**Your task:**
Which lines run from the one containing "by (auto intro!: derivative_eq_intros" to the end of the entries? Quote them exactly, and nothing else.

[Saved entries]

┄┄┄┄┄┄┄┄┄┄┄┄┄┄┄┄┄┄┄┄

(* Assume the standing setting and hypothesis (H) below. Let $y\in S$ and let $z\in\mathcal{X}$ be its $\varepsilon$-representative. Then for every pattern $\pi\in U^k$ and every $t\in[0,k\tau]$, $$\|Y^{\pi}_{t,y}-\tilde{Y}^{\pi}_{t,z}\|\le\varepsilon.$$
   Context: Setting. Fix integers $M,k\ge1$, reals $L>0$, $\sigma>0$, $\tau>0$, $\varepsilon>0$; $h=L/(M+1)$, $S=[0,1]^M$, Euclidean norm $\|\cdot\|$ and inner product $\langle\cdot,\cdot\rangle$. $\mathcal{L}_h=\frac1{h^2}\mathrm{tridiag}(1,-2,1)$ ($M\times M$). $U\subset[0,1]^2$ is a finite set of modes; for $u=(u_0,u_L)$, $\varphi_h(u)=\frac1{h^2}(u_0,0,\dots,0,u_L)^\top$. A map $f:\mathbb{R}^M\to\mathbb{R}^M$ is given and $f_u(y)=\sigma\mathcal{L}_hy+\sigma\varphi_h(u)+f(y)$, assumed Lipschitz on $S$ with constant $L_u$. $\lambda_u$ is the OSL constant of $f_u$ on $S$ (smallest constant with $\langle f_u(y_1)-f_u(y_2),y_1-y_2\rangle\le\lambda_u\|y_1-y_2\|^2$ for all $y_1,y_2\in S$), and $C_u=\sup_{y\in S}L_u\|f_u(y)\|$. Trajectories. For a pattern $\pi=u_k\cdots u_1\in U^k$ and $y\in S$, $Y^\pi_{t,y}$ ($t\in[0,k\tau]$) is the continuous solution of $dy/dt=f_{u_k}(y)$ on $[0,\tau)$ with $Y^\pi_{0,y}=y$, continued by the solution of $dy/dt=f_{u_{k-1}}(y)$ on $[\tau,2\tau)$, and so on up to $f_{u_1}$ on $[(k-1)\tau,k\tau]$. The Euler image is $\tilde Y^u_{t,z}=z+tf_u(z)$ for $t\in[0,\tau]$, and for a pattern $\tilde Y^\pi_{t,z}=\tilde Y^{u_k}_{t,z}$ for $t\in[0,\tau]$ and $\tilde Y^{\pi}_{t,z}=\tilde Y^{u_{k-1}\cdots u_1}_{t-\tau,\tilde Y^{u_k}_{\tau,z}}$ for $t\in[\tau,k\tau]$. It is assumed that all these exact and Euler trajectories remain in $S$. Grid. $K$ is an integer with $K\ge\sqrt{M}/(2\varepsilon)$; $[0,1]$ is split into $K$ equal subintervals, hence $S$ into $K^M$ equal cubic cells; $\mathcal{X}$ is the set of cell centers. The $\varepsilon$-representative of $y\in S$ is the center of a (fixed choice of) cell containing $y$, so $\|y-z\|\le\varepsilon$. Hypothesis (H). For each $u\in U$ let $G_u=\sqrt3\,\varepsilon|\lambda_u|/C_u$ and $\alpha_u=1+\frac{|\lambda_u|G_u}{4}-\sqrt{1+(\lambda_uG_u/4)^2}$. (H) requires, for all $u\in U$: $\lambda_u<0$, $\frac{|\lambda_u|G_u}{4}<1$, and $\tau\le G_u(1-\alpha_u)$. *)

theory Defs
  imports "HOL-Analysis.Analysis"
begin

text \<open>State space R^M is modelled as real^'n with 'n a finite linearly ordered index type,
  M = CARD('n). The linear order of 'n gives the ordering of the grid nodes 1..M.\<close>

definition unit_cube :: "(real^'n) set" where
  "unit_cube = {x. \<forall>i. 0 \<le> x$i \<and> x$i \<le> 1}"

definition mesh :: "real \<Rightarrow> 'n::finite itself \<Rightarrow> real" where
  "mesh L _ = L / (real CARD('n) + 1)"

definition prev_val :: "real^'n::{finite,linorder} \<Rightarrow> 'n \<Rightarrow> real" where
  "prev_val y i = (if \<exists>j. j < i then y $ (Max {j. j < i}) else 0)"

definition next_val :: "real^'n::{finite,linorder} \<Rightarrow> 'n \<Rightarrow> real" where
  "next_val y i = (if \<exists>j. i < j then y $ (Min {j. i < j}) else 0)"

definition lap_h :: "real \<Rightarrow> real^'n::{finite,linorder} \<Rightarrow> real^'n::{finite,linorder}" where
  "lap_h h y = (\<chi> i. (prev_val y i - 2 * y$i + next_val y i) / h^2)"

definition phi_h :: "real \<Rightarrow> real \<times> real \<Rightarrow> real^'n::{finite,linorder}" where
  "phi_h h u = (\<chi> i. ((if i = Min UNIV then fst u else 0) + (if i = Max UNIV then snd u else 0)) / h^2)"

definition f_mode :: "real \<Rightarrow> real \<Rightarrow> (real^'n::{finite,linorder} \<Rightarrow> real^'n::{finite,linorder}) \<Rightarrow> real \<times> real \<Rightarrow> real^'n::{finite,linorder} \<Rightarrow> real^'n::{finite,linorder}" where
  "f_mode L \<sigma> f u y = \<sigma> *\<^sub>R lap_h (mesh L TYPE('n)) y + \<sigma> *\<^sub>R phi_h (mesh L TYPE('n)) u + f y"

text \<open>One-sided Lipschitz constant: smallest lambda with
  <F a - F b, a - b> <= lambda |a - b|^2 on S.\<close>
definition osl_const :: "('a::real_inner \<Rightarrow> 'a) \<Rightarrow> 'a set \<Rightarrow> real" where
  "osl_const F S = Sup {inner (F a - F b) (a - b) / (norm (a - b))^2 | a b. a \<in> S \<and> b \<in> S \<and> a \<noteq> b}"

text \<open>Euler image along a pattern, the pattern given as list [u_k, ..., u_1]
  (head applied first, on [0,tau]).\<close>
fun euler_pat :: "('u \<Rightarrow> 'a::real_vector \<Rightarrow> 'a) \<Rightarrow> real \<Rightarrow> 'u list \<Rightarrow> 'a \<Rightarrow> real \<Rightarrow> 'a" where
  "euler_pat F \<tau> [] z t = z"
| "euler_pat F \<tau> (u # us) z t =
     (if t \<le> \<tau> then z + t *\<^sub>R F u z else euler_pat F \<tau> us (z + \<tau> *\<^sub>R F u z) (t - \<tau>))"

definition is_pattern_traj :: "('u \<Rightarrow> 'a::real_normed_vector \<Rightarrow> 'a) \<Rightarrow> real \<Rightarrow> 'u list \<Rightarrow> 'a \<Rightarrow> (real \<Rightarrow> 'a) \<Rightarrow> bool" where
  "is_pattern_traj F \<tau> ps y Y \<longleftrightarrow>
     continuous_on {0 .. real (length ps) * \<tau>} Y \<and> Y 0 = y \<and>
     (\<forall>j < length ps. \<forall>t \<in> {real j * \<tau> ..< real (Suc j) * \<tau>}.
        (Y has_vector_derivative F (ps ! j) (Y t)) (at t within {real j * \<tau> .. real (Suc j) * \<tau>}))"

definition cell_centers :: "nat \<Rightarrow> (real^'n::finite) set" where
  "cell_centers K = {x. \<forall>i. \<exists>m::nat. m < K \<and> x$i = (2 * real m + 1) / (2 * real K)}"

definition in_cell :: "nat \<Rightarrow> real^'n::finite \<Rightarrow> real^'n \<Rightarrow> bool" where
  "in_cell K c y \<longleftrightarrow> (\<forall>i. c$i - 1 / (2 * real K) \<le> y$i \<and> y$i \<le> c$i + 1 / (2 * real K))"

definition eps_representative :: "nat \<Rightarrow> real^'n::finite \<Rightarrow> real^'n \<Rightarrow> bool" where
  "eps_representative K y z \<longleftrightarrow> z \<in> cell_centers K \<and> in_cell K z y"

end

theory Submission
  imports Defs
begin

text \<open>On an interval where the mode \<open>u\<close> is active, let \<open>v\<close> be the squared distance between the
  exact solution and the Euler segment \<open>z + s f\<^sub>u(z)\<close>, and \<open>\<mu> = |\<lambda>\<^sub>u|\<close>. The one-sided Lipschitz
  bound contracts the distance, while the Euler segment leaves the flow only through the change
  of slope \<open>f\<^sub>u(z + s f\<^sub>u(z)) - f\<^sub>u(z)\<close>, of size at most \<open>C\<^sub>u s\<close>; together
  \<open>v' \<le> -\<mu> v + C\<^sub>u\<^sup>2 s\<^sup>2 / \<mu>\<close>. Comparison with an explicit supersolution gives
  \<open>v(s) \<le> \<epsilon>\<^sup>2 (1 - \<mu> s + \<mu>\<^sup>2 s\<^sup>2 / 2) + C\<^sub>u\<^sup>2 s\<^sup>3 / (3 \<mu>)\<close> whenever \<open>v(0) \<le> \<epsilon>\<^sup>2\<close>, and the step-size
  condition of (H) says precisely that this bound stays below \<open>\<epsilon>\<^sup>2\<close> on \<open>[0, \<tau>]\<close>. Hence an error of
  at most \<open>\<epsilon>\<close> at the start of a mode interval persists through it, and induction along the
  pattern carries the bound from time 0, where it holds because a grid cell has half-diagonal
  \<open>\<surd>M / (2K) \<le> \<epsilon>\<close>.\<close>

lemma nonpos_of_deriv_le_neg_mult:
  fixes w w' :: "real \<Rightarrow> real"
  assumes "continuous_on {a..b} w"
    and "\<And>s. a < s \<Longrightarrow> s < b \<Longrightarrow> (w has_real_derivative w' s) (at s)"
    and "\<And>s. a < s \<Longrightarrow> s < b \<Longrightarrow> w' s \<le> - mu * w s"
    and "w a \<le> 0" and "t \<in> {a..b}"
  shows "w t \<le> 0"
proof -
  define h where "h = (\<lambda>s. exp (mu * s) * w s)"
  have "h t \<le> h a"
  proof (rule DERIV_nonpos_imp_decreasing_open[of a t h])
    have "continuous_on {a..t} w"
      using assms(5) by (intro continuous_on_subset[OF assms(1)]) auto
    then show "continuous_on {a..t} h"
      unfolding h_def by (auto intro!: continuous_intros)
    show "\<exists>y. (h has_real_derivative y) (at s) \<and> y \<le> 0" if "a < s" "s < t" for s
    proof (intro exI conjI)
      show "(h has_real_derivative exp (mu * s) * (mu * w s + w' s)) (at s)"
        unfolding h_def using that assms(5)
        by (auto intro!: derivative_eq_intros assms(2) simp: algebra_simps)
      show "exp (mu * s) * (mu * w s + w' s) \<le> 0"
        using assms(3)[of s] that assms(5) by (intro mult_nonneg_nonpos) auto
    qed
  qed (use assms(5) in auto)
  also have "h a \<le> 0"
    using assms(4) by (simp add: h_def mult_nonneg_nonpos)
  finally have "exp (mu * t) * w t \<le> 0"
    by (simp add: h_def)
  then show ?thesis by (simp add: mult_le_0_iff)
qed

┄┄┄┄┄┄┄┄┄┄┄┄┄┄┄┄┄┄┄┄

**Exercise response:**
        by (auto intro!: derivative_eq_intros assms(2) simp: algebra_simps)
      show "exp (mu * s) * (mu * w s + w' s) \<le> 0"
        using assms(3)[of s] that assms(5) by (intro mult_nonneg_nonpos) auto
    qed
  qed (use assms(5) in auto)
  also have "h a \<le> 0"
    using assms(4) by (simp add: h_def mult_nonneg_nonpos)
  finally have "exp (mu * t) * w t \<le> 0"
    by (simp add: h_def)
  then show ?thesis by (simp add: mult_le_0_iff)
qed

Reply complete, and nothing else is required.